Он сказал, что уже много лет был – и, честно говоря, посейчас остается – влюблен в эту картину. Он уже не понимает, во что или в кого – в картину или в девушку, изображенную на ней. Когда он увидел ее впервые, он разлюбил свою жену. Попытался жениться еще раз – неудачно. Эта картина все время стояла у него перед глазами. Его чаровала эта проклятая раздвоенность, рассказывал он, нарочно отвернувшись от картины и глядя в окно. О, это страшное сочетание девичьей чистоты ее лица, платья, цветов – и рокового, низменного влечения в ее глазах! Он сказал, что даже не мог завести себе подружку или спать с проститутками. В милой благовоспитанной девушке из хорошей католической семьи он тут же видел похотливую распутницу, а в дешевой шлюхе или богемной нимфоманке – чистое, невинное беззаботное дитя. Это ужасно. И вот теперь, когда он, впервые за столько лет, наконец встретил красивую, милую, добрую, во всех отношениях достойную женщину – эта проклятая картинка встала между ними…

– Okhouyette, bliade! – громко сказала она.

– Pardon? – не понял он.

– Ceci est en russe, – объяснила она. – Cela signifie: la vie est incroyable.

– Oui, – сказал он, а в уме добавил: – Kazhetsa, ona menia ne ouznala.

Дальние свиданиябуквально на днях

В тот вечер актер Митя Данилов был в ударе: рассказывал анекдоты и смешные случаи из жизни, изображал разных деятелей и даже говорил что-то умное про политику; у него даже это получалось. В общем, веселил, развлекал и занимал компанию. Компания была большая, кое-кто и незнакомый. Все хохотали и даже аплодировали.

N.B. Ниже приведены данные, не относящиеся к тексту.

text \<open>The values \<open>v j\<close> are chosen so that each of the \<open>m\<close> sets \<open>B j\<close> carries \<open>1 / m\<close>
  of the \<open>p\<close>-th power of the norm of the witness.\<close>
lemma Lp_ball_far_from_G_simple:
  fixes M :: "'a measure" and B :: "nat \<Rightarrow> 'a set"
  assumes p: "p > 0" and \<delta>: "0 < \<delta>" "\<delta> < 1" and B: "disjoint_positive_seq M B"
    and sep: "ratio_separated (((1 + \<delta>) / (1 - \<delta>)) powr p) (\<lambda>j. measure M (B j))" and m: "m \<ge> 1"
  shows "\<exists>f\<in>Lp_ball M p. \<forall>h\<in>G_simple M p k.
    \<delta> powr p * (real m - real k) / real m \<le> enn2real (\<integral>\<^sup>+ x. ennreal (\<bar>f x - h x\<bar> powr p) \<partial>M)"
proof -
  define b where "b j = measure M (B j)" for j
  define v where "v j = (1 / real m / b j) powr (1 / p)" for j
  have B_sets[measurable]: "\<And>j. B j \<in> sets M" and b_pos: "\<And>j. 0 < b j"
    and B_disj: "disjoint_family_on B {..<m}"
    using B by (auto simp: disjoint_positive_seq_def b_def disjoint_family_on_def)
  have B_meas: "emeasure M (B j) = ennreal (b j)" for j
    using B emeasure_eq_ennreal_measure[of M "B j"] by (simp add: disjoint_positive_seq_def b_def less_top)
  have v_pos: "0 < v j" for j
    using b_pos[of j] m by (simp add: v_def)
  have v_mass: "v j powr p * b j = 1 / real m" for j
    using b_pos[of j] m p by (simp add: v_def powr_powr)
  have v_sep: "ratio_separated ((1 + \<delta>) / (1 - \<delta>)) v"
    unfolding v_def using m b_pos \<delta> sep
    by (intro ratio_separated_inverse_root[OF p]) (auto simp: b_def)
  define f where "f x = (\<Sum>j<m. v j * indicator (B j) x)" for x
  have f_ball: "f \<in> Lp_ball M p"
    unfolding f_def using B_sets B_disj B_meas v_pos b_pos v_mass m
    by (intro step_function_in_Lp_ball) (auto simp: less_imp_le)
  have "\<delta> powr p * (real m - real k) / real m \<le> enn2real (\<integral>\<^sup>+ x. ennreal (\<bar>f x - h x\<bar> powr p) \<partial>M)"
    if h: "h \<in> G_simple M p k" for h
  proof -
    obtain l a where "l \<le> k" "\<forall>x\<in>space M. \<exists>i<l. h x = a i"
      using G_simple_finite_range[OF h] by blast
    then have lower: "ennreal (\<delta> powr p * (real m - real k) / real m)
        \<le> (\<integral>\<^sup>+ x. ennreal (\<bar>f x - h x\<bar> powr p) \<partial>M)"
      unfolding f_def using p \<delta> B_sets B_disj v_pos v_sep B_meas b_pos v_mass
      by (intro nn_integral_step_function_distance) (auto simp: less_imp_le)
    have "(\<lambda>x. f x - h x) \<in> Lp M p"
      using f_ball h by (intro Lp_diff[OF p]) (auto simp: Lp_ball_def G_simple_def)
    show ?thesis
    proof (cases "m \<le> k")
      case True
      then have "\<delta> powr p * (real m - real k) / real m \<le> 0"
        by (simp add: divide_nonpos_nonneg mult_nonneg_nonpos)
      then show ?thesis
        using enn2real_nonneg order_trans by blast
    next
      case False
      then show ?thesis
        using enn2real_mono[OF lower] \<open>(\<lambda>x. f x - h x) \<in> Lp M p\<close> \<delta> by (simp add: Lp_def)
    qed
  qed
  then show ?thesis
    using f_ball by blast
qed

lemma N_approx_eq_infinity:
  assumes "\<And>k. k \<ge> 1 \<Longrightarrow> \<exists>f\<in>S. \<forall>h\<in>G_simple M p k. \<epsilon> < Lp_norm M p (\<lambda>x. f x - h x)"
  shows "N_approx M p \<epsilon> S = \<infinity>"
proof -
  have "\<not> (\<forall>f\<in>S. \<exists>h\<in>G_simple M p k. Lp_norm M p (\<lambda>x. f x - h x) \<le> \<epsilon>)" if k: "k \<ge> 1" for k
  proof -
    obtain f where "f \<in> S" "\<forall>h\<in>G_simple M p k. \<epsilon> < Lp_norm M p (\<lambda>x. f x - h x)"
      using assms[OF k] by blast
    then show ?thesis
      by (auto simp: not_le)
  qed
  then have empty: "{k::nat. k \<ge> 1 \<and>
      (\<forall>f\<in>S. \<exists>h\<in>G_simple M p k. Lp_norm M p (\<lambda>x. f x - h x) \<le> \<epsilon>)} = {}"
    by blast
  show ?thesis
    unfolding N_approx_def empty by (simp add: top_enat_def)
qed

lemma N_approx_Lp_ball_infinite:
  assumes p: "p > 0" and \<epsilon>: "0 < \<epsilon>" "\<epsilon> < 1" and E: "disjoint_positive_seq M E"
  shows "N_approx M p \<epsilon> (Lp_ball M p) = \<infinity>"
proof (rule N_approx_eq_infinity)
  fix k :: nat
  define \<delta> where "\<delta> = (1 + \<epsilon>) / 2"
  have \<delta>: "0 < \<delta>" "\<delta> < 1" "\<epsilon> < \<delta>"
    using \<epsilon> by (auto simp: \<delta>_def)
  have "1 \<le> ((1 + \<delta>) / (1 - \<delta>)) powr p"
    using \<delta> p by (intro ge_one_powr_ge_zero) (auto simp: field_simps)
  then obtain B where B: "disjoint_positive_seq M B"
    and sep: "ratio_separated (((1 + \<delta>) / (1 - \<delta>)) powr p) (\<lambda>n. measure M (B n))"
    using disjoint_positive_seq_ratio_separated[OF E] by blast
  define q where "q = (\<epsilon> / \<delta>) powr p"
  have "(\<epsilon> / \<delta>) powr p < 1 powr p"
    using \<epsilon> \<delta> p by (intro powr_less_mono2) auto
  then have q: "q < 1" "q * \<delta> powr p = \<epsilon> powr p"
    using \<epsilon> \<delta> by (auto simp: q_def powr_divide)
  obtain m :: nat where m: "m \<ge> 1" "real k < (1 - q) * real m"
  proof -
    obtain n :: nat where "real k / (1 - q) < real n"
      using reals_Archimedean2 by blast
    then show ?thesis
      using q(1) that[of "Suc n"] by (simp add: field_simps)
  qed
  obtain f where f: "f \<in> Lp_ball M p" and far: "\<And>h. h \<in> G_simple M p k \<Longrightarrow>
      \<delta> powr p * (real m - real k) / real m \<le> enn2real (\<integral>\<^sup>+ x. ennreal (\<bar>f x - h x\<bar> powr p) \<partial>M)"
    using Lp_ball_far_from_G_simple[OF p \<delta>(1,2) B sep m(1)] by blast
  show "\<exists>f\<in>Lp_ball M p. \<forall>h\<in>G_simple M p k. \<epsilon> < Lp_norm M p (\<lambda>x. f x - h x)"
  proof (intro bexI[OF _ f] ballI)
    fix h assume h: "h \<in> G_simple M p k"
    have "\<epsilon> powr p * real m = \<delta> powr p * (q * real m)"
      using q(2) by (simp add: algebra_simps)
    also have "\<dots> < \<delta> powr p * (real m - real k)"
      using m(2) \<delta>(1) by (intro mult_strict_left_mono) (auto simp: algebra_simps)
    finally have "\<epsilon> powr p < \<delta> powr p * (real m - real k) / real m"
      using m(1) by (simp add: field_simps)
    also have "\<dots> \<le> enn2real (\<integral>\<^sup>+ x. ennreal (\<bar>f x - h x\<bar> powr p) \<partial>M)"
      by (rule far[OF h])
    finally have "(\<epsilon> powr p) powr (1 / p) < enn2real (\<integral>\<^sup>+ x. ennreal (\<bar>f x - h x\<bar> powr p) \<partial>M) powr (1 / p)"
      using p \<epsilon> by (intro powr_less_mono2) auto
    then show "\<epsilon> < Lp_norm M p (\<lambda>x. f x - h x)"
      using p \<epsilon> by (simp add: Lp_norm_def powr_powr)
  qed
qed

section \<open>Infinite dimensionality\<close>

text \<open>The library has no \<open>real_vector\<close> instance for function spaces.\<close>
interpretation real_fun: vector_space "\<lambda>(c::real) (f::nat \<Rightarrow> real) x. c * f x"
  by unfold_locales (auto simp: fun_eq_iff algebra_simps)

lemma sum_fun_apply: "(\<Sum>g\<in>S. F g) x = (\<Sum>g\<in>S. F g x)"
  for F :: "'c \<Rightarrow> 'b \<Rightarrow> real"
  by (induction S rule: infinite_finite_induct) auto

definition unit_vec :: "nat \<Rightarrow> nat \<Rightarrow> real" where
  "unit_vec i = (\<lambda>j. if j = i then 1 else 0)"

lemma inj_unit_vec: "inj unit_vec"
proof (rule injI)
  fix i j assume "unit_vec i = unit_vec j"
  then have "unit_vec i i = unit_vec j i"
    by simp
  then show "i = j"
    by (simp add: unit_vec_def split: if_splits)
qed

lemma independent_unit_vec: "real_fun.independent (unit_vec ` {..<m})"
proof (rule real_fun.independent_if_scalars_zero)
  fix a y assume sum0: "(\<Sum>x\<in>unit_vec ` {..<m}. (\<lambda>z. a x * x z)) = 0" and "y \<in> unit_vec ` {..<m}"
  then obtain i where i: "i < m" "y = unit_vec i"
    by auto
  have "0 = (\<Sum>x\<in>unit_vec ` {..<m}. (\<lambda>z. a x * x z)) i"
    using sum0 by simp
  also have "\<dots> = (\<Sum>k<m. a (unit_vec k) * unit_vec k i)"
    using inj_unit_vec by (simp add: sum_fun_apply sum.reindex inj_on_subset)
  also have "\<dots> = a (unit_vec i)"
    using i(1) by (simp add: unit_vec_def if_distrib cong: if_cong)
  finally show "a y = 0"
    using i by simp
qed simp

text \<open>The unit vectors of \<open>\<real>\<^sup>m\<close> lie in the span of the rows indexed by \<open>S\<close>.\<close>
lemma card_ge_if_identity_factors:
  fixes G :: "'b \<Rightarrow> nat \<Rightarrow> real" and c :: "nat \<Rightarrow> 'b \<Rightarrow> real"
  assumes S: "finite S"
    and identity: "\<And>i j. i < m \<Longrightarrow> j < m \<Longrightarrow> (\<Sum>g\<in>S. c i g * G g j) = (if i = j then 1 else 0)"
  shows "m \<le> card S"
proof -
  define row where "row g = (\<lambda>j. if j < m then G g j else 0)" for g
  have "unit_vec i \<in> real_fun.span (row ` S)" if "i < m" for i
  proof -
    have "unit_vec i = (\<Sum>g\<in>S. (\<lambda>j. c i g * row g j))"
    proof
      fix j
      show "unit_vec i j = (\<Sum>g\<in>S. (\<lambda>j. c i g * row g j)) j"
        using identity[OF that, of j] that by (cases "j < m") (auto simp: sum_fun_apply unit_vec_def row_def)
    qed
    also have "\<dots> \<in> real_fun.span (row ` S)"
      by (intro real_fun.span_sum real_fun.span_scale real_fun.span_base) auto
    finally show ?thesis .
  qed
  then have "card (unit_vec ` {..<m}) \<le> card (row ` S)"
    using S independent_unit_vec by (intro real_fun.independent_span_bound[THEN conjunct2]) auto
  also have "\<dots> \<le> card S"
    using S by (rule card_image_le)
  finally show ?thesis
    using card_image[OF inj_on_subset[OF inj_unit_vec]] by simp
qed

lemma Diff_null_set_nonempty:
  assumes "E \<in> sets M" "E \<notin> null_sets M" "N \<in> null_sets M"
  shows "E - N \<noteq> {}"
  using assms by (metis Diff_eq_empty_iff null_sets_subset)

Там была одна молодая женщина, довольно красивая. Данилов ее первый раз видел. Золотистые волосы, а глаза – темно-карие, с золотыми искорками.

– У вас выдающийся артистический талант! – сказала она, когда все расходились и толпились в прихожей. – Очень приятно познакомиться. Алиса Трофимова меня зовут. Критик и теоретик театра.

– Спасибо, – сказал Данилов. – А меня Митя Данилов. Насчет «выдающегося» вы, конечно, загнули. Я себе цену знаю. Что и позволяет спокойно жить, ха-ха-ха. Хотя, конечно, приятно такое слышать! – и он поцеловал ей руку.

– Не скромничайте, – строго сказала она. – Я училась в Париже. У Мадлен де Перригор. Она ученица Жана-Луи Барро. Так что могу судить более профессионально, чем наши доморощенные бонзы. Буду рада продолжить знакомство. У вас есть Фейсбук? Давайте зафрендимся, – она вытащила из сумочки планшет. – Ну-ка, где тут вы… Ага. Ну-ка, давайте, отвечайте!

Данилов достал смартфон, открыл свой Фейсбук и ответил на запрос.

– Ну вот мы и друзья! Я вам напишу!

– Спасибо, – сказал Данилов.

Она написала назавтра, в мессенджер:

«Дорогой Митя! Нам надо увидеться, обо многом поговорить. Прежде всего о вас, о вашей работе. О перспективах вашей работы. Давайте встретимся где-нибудь в кафе, днем».

У Мити было порядок с работой, и с перспективами вроде тоже: утвердили на главную мужскую роль в сериале «Каторжанки». Но, с другой стороны… Поэтому он тут же ответил:

«Дорогая Алиса! Конечно, давайте увидимся. Назначайте время».

«Между полуднем и двумя часами», – ответила она.

«Отлично. Выбираем день».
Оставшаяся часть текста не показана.